Yes, that produces similar code, and adding the following to it produces an
executable test that fails at -O3.

void main()
{
  uint8_t dst[128];
  int16_t dct[16];
  int i;

  for (i = 0; i < 16; i++)
dct[i] = i*10 + i;
  for (i = 0; i < 128; i++)
dst[i] = i;

  add4x4_idct(dst, dct);

  if (dst[0] != 14 || dst[1] != 0 || dst[2] != 4 || dst[3] != 2 
  || dst[32] != 28 || dst[33] != 35 || dst[34] != 33 || dst[35] != 35)
abort();

}

Continuing to debug further...

[Bug tree-optimization/85698] [8/9 Regression] CPU2017 525.x264_r fails starting with r257581

2018-05-11 Thread pthaugen at gcc dot gnu.org
https://gcc.gnu.org/bugzilla/show_bug.cgi?id=85698

--- Comment #5 from Pat Haugen  ---
(In reply to Richard Biener from comment #4)
> 
> Can you claify whether test, ref or train inputs fail for you?  I tried
> AVX256, AVX128 and plain old SSE sofar without any issue but ref takes some
> time...
> 

I see the error for ref and test inputs. The train input appears to pass, but
then  the FDO optimized version fails with the ref input also.

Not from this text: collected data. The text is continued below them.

lemma bounded_seqs_common_convergent_subseq:
  fixes X :: "nat \<Rightarrow> nat \<Rightarrow> real"
  assumes bounded: "\<And>k. bounded (range (X k))"
  obtains r where "strict_mono r" "\<And>k. convergent (\<lambda>n. X k (r n))"
proof -
  define P where "P k s \<longleftrightarrow> convergent (\<lambda>n. X k (s n))" for k and s :: "nat \<Rightarrow> nat"
  interpret subseqs P
  proof
    fix k and s :: "nat \<Rightarrow> nat"
    have "bounded (range (\<lambda>n. X k (s n)))"
      using bounded[of k] by (rule bounded_subset) auto
    from bounded_imp_convergent_subsequence[OF this]
    show "\<exists>r'. strict_mono r' \<and> P k (s \<circ> r')" by (auto simp: P_def convergent_def o_def)
  qed
  have "P k (diagseq \<circ> (+) (Suc k))" for k
  proof (rule diagseq_holds)
    fix r s :: "nat \<Rightarrow> nat" and n assume "strict_mono r" "P n s"
    then show "P n (s \<circ> r)"
      using convergent_subseq_convergent[of "\<lambda>m. X n (s m)" r] by (simp add: P_def o_def)
  qed
  then have "convergent (\<lambda>n. X k (diagseq (n + Suc k)))" for k
    unfolding P_def o_def by (subst add.commute)
  then have "convergent (\<lambda>n. X k (diagseq n))" for k
    using convergent_ignore_initial_segment[of "\<lambda>n. X k (diagseq n)" "Suc k"] by blast
  then show ?thesis using that subseq_diagseq by blast
qed

lemma abs_sub_floor_mult_divide_le:
  fixes t k :: real
  assumes "0 < k"
  shows "\<bar>t - of_int \<lfloor>k * t\<rfloor> / k\<bar> \<le> 1 / k"
proof -
  have "0 \<le> k * t - of_int \<lfloor>k * t\<rfloor>" "k * t - of_int \<lfloor>k * t\<rfloor> \<le> 1"
    by linarith+
  moreover have "t - of_int \<lfloor>k * t\<rfloor> / k = (k * t - of_int \<lfloor>k * t\<rfloor>) / k"
    using assms by (simp add: field_simps)
  ultimately show ?thesis
    using assms divide_right_mono[of _ 1 k] by simp
qed

lemma (in finite_measure) integrable_bounded_real:
  fixes f :: "'a \<Rightarrow> real"
  assumes "f \<in> borel_measurable M" "\<And>x. x \<in> space M \<Longrightarrow> \<bar>f x\<bar> \<le> B"
  shows "integrable M f"
  using assms by (intro integrable_const_bound[where B=B]) auto

lemma (in finite_measure) abs_integral_le_uniform:
  fixes f :: "'a \<Rightarrow> real"
  assumes "integrable M f" "\<And>x. x \<in> space M \<Longrightarrow> \<bar>f x\<bar> \<le> e"
  shows "\<bar>\<integral>x. f x \<partial>M\<bar> \<le> e * measure M (space M)"
proof -
  have "\<bar>\<integral>x. f x \<partial>M\<bar> \<le> (\<integral>x. \<bar>f x\<bar> \<partial>M)" by (rule integral_abs_bound)
  also have "\<dots> \<le> (\<integral>x. e \<partial>M)" using assms by (intro integral_mono) auto
  finally show ?thesis by (simp add: mult.commute)
qed

lemma (in finite_measure) abs_integral_weighted_diff_le:
  fixes w u v :: "'a \<Rightarrow> real"
  assumes [measurable]: "w \<in> borel_measurable M" "u \<in> borel_measurable M" "v \<in> borel_measurable M"
    and w: "\<And>x. \<bar>w x\<bar> \<le> 1"
    and u: "\<And>x. x \<in> space M \<Longrightarrow> \<bar>u x\<bar> \<le> B" and v: "\<And>x. x \<in> space M \<Longrightarrow> \<bar>v x\<bar> \<le> B"
    and uv: "\<And>x. x \<in> space M \<Longrightarrow> \<bar>u x - v x\<bar> \<le> e"
  shows "\<bar>(\<integral>x. w x * u x \<partial>M) - (\<integral>x. w x * v x \<partial>M)\<bar> \<le> e * measure M (space M)"
proof -
  have weight: "\<bar>w x * t\<bar> \<le> \<bar>t\<bar>" for x t
    using mult_right_mono[OF w[of x] abs_ge_zero[of t]] by (simp add: abs_mult)
  have int_u: "integrable M (\<lambda>x. w x * u x)"
    using order_trans[OF weight u] by (intro integrable_bounded_real) simp_all
  have int_v: "integrable M (\<lambda>x. w x * v x)"
    using order_trans[OF weight v] by (intro integrable_bounded_real) simp_all
  from int_u int_v have "(\<integral>x. w x * u x \<partial>M) - (\<integral>x. w x * v x \<partial>M) = (\<integral>x. w x * (u x - v x) \<partial>M)"
    by (simp add: right_diff_distrib)
  also have "\<bar>\<dots>\<bar> \<le> e * measure M (space M)"
  proof (rule abs_integral_le_uniform)
    show "integrable M (\<lambda>x. w x * (u x - v x))"
      using int_u int_v by (simp add: right_diff_distrib)
    show "\<bar>w x * (u x - v x)\<bar> \<le> e" if "x \<in> space M" for x
      using order_trans[OF weight uv[OF that]] .
  qed
  finally show ?thesis .
qed

lemma abs_integral_indicator_diff_le:
  fixes u v :: "'a \<Rightarrow> real"
  assumes A: "A \<in> sets M" and u: "integrable M u" and v: "integrable M v"
  shows "\<bar>(\<integral>x. indicator A x * u x \<partial>M) - (\<integral>x. indicator A x * v x \<partial>M)\<bar> \<le> (\<integral>x. \<bar>u x - v x\<bar> \<partial>M)"
proof -
  have "integrable M (\<lambda>x. indicator A x * f x)" if "integrable M f" for f :: "'a \<Rightarrow> real"
    using integrable_real_mult_indicator[OF A that] by (simp add: mult.commute)
  then have ints: "integrable M (\<lambda>x. indicator A x * u x)" "integrable M (\<lambda>x. indicator A x * v x)"
    using u v by blast+
  then have "(\<integral>x. indicator A x * u x \<partial>M) - (\<integral>x. indicator A x * v x \<partial>M)
      = (\<integral>x. indicator A x * (u x - v x) \<partial>M)"
    by (simp add: right_diff_distrib)
  also have "\<bar>\<dots>\<bar> \<le> (\<integral>x. \<bar>indicator A x * (u x - v x)\<bar> \<partial>M)"
    by (rule integral_abs_bound)
  also have "\<dots> \<le> (\<integral>x. \<bar>u x - v x\<bar> \<partial>M)"
  proof (rule integral_mono)
    show "integrable M (\<lambda>x. \<bar>indicator A x * (u x - v x)\<bar>)"
      using ints by (simp add: right_diff_distrib)
    show "integrable M (\<lambda>x. \<bar>u x - v x\<bar>)" using u v by simp
  qed (simp add: indicator_def)
  finally show ?thesis .
qed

I will keep looking at the other stuff you requested.

[Bug tree-optimization/85698] [8/9 Regression] CPU2017 525.x264_r fails starting with r257581

2018-05-11 Thread rguenth at gcc dot gnu.org
https://gcc.gnu.org/bugzilla/show_bug.cgi?id=85698

--- Comment #4 from Richard Biener  ---
I can see what the patch does to this testcase on x86_64 - it enables BB
vectorization of the first two loops after runrolling.  I don't see anything
suspicious here on x86_64 and 525.x264_r works fine for me.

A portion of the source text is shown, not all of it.